Other literature places religion at the forefront of insurgency group participation. While this may hold true for some, it is not always a relevant factor. Traditional frames of thought in international relations tend to frame Islamist violence to be distinctly different from any other form of violence; arguing that "violence is an inherent cultural facet of Islam" or that Islamist violence is a consequence of an international "clash of civilizations".12 The perceived role of ideational factors like 'jihad' in Islam has been cited as contributing factors to violence. Western scholars like Bernard Lewis assert that Islamic teachings of the jihad envisage an all-out war by Muslims against non-Muslims.13 Many contemporary scholars, however, disagree with this framing. Thus, rendering the expansion of Islamist violence as 'Islam taking over the world'' is a faulty argument.14 The same goes for local participation. Many locals joining these extremist Islamist NSAs are not motivated by religious indoctrination, nor do they tend to share any religious beliefs.

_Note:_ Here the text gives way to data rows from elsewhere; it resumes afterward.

lemma eigenvalue_on_symmetrization_merged:
  assumes "assoc_scheme {0..d+1} 0 R" and "(R d)\<inverse> = R (d+1)"
    and "primitive_idempotents {0..d+1} R {0..d+1} E" and "h \<in> {0..d+1}"
    and "symmetric_scheme {0..d} 0 (symmetrization R d)"
    and "E h \<in> bose_mesner {0..d} (symmetrization R d)"
    and "adj (symmetrization R d d) ** E h = msc c (E h)"
  shows "eigenvalue_on (adj (R d)) (E h) = c / 2 \<and> eigenvalue_on (adj (R (d+1))) (E h) = c / 2"
proof (rule eigenvalue_on_transpose_pair[OF assms(3) _ _ assms(2,4)])
  show "transpose (E h) = E h"
    using assms(5,6) by (auto simp: symmetric_scheme_def intro: bose_mesner_transpose)
  have "R d \<inter> R (d+1) = {}"
    using assms(1) unfolding assoc_scheme_def by simp
  then show "(adj (R d) + adj (R (d+1))) ** E h = msc c (E h)"
    using assms(7) by (simp add: symmetrization_def adj_Un)
qed simp_all
lemma mpoly_eval_mult: "mpoly_eval hom a (f * g) = mpoly_eval hom a f * mpoly_eval hom a g"
proof -
  let ?sf = "\<lambda>m. Poly_Mapping.single m (Poly_Mapping.lookup f m)"
  and ?sg = "\<lambda>n. Poly_Mapping.single n (Poly_Mapping.lookup g n)"
  have "f * g = (\<Sum>m\<in>Poly_Mapping.keys f. ?sf m) * (\<Sum>n\<in>Poly_Mapping.keys g. ?sg n)"
    using poly_mapping_sum_single[of f] poly_mapping_sum_single[of g] by simp
  also have "\<dots> = (\<Sum>m\<in>Poly_Mapping.keys f. \<Sum>n\<in>Poly_Mapping.keys g.
      Poly_Mapping.single (m + n) (Poly_Mapping.lookup f m * Poly_Mapping.lookup g n))"
    by (simp add: sum_distrib_left sum_distrib_right mult_single sum.swap[of _ "Poly_Mapping.keys g"])
  finally have "mpoly_eval hom a (f * g) = (\<Sum>m\<in>Poly_Mapping.keys f. \<Sum>n\<in>Poly_Mapping.keys g.
      hom (Poly_Mapping.lookup f m) * monom_eval a m * (hom (Poly_Mapping.lookup g n) * monom_eval a n))"
    by (simp add: mpoly_eval_sum mpoly_eval_single hom_mult monom_eval_add mult_ac)
  also have "\<dots> = mpoly_eval hom a f * mpoly_eval hom a g"
    by (simp add: mpoly_eval_def sum_product)
  finally show ?thesis .
qed

lemma comm_ring_hom_mpoly_eval: "comm_ring_hom (mpoly_eval hom a)"
proof
  show "mpoly_eval hom a 1 = 1"
    using mpoly_eval_single[where m = 0 and c = 1] by (simp add: hom_one)
qed (simp_all add: mpoly_eval_add mpoly_eval_mult)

However, the level of religious appeal may vary depending on the individual, context, and community in which groups are operating.
 

Security and Protection

The third set of explanations focuses on the security dimension associated with insurgency groups. The Geneva Centre for Security Sector Governance (DCAF) and Geneva Call propose that the "provision of community security is a primary, rather than a secondary function for militia groups".15 Militias can be "a form of self-help to escape particular circumstances", in areas where the political administration is inaccessible and inefficient, state protection from violence is absent, and where communities are unable to defend themselves.16 NSAs and militias are the product of environments of extreme insecurity wherein individuals see no alternative to reaching justice other than "through rudimentary vigilance". The report finds the following relationship: the growth of militias occurs when state protection is absent, and the suppression of militias occurs when authorities and social support for the community are present. Therefore, NSAs ultimately appropriate the security function of the state in dysfunctional states. Kristina Kuasch corroborates this point, suggesting that "the existence of non-state actors translates into state collapse and therefore an absence of statehood: a state vacuum".17 According to Kausch, this state vacuum is an important explanation for why non-state actors will become predominant and accrue strong footholds. Academics agree that non-state actors thrive in "voids left by weak state institutions" and will carry out functions of the state, "providing security, welfare or charity, or by acting as the representative of a given community within the state."18 Therefore, a weak state-citizen relationship and a weak governing state body are essential to understanding the rise of non-state actors. 



Case Study: Burkina Faso

The socio-political history of Burkina Faso makes it an interesting case study, prompting greater analysis of how the state reflects broader regional trends and has local-level nuances in conflict dynamics. Security conditions are regionally interconnected, and insecurity dynamics leak beyond borders. The situation in Burkina Faso began to disintegrate due to events unfolding in Mali. A third of the country now has no state presence, enabling armed militias to move in.19 In 2021, Burkina Faso recorded 1337 crisis-related violent incidents and nearly 2294 casualties.20 Traditional and non-traditional non-state actors play a significant role in defining the conflict in Burkina Faso and how violence unfolds on the ground. Rebel groups have gained considerable momentum and traction in operation in Burkina Faso. The following sections will interrogate how non-state actors have come to shape violence in Burkina Faso today.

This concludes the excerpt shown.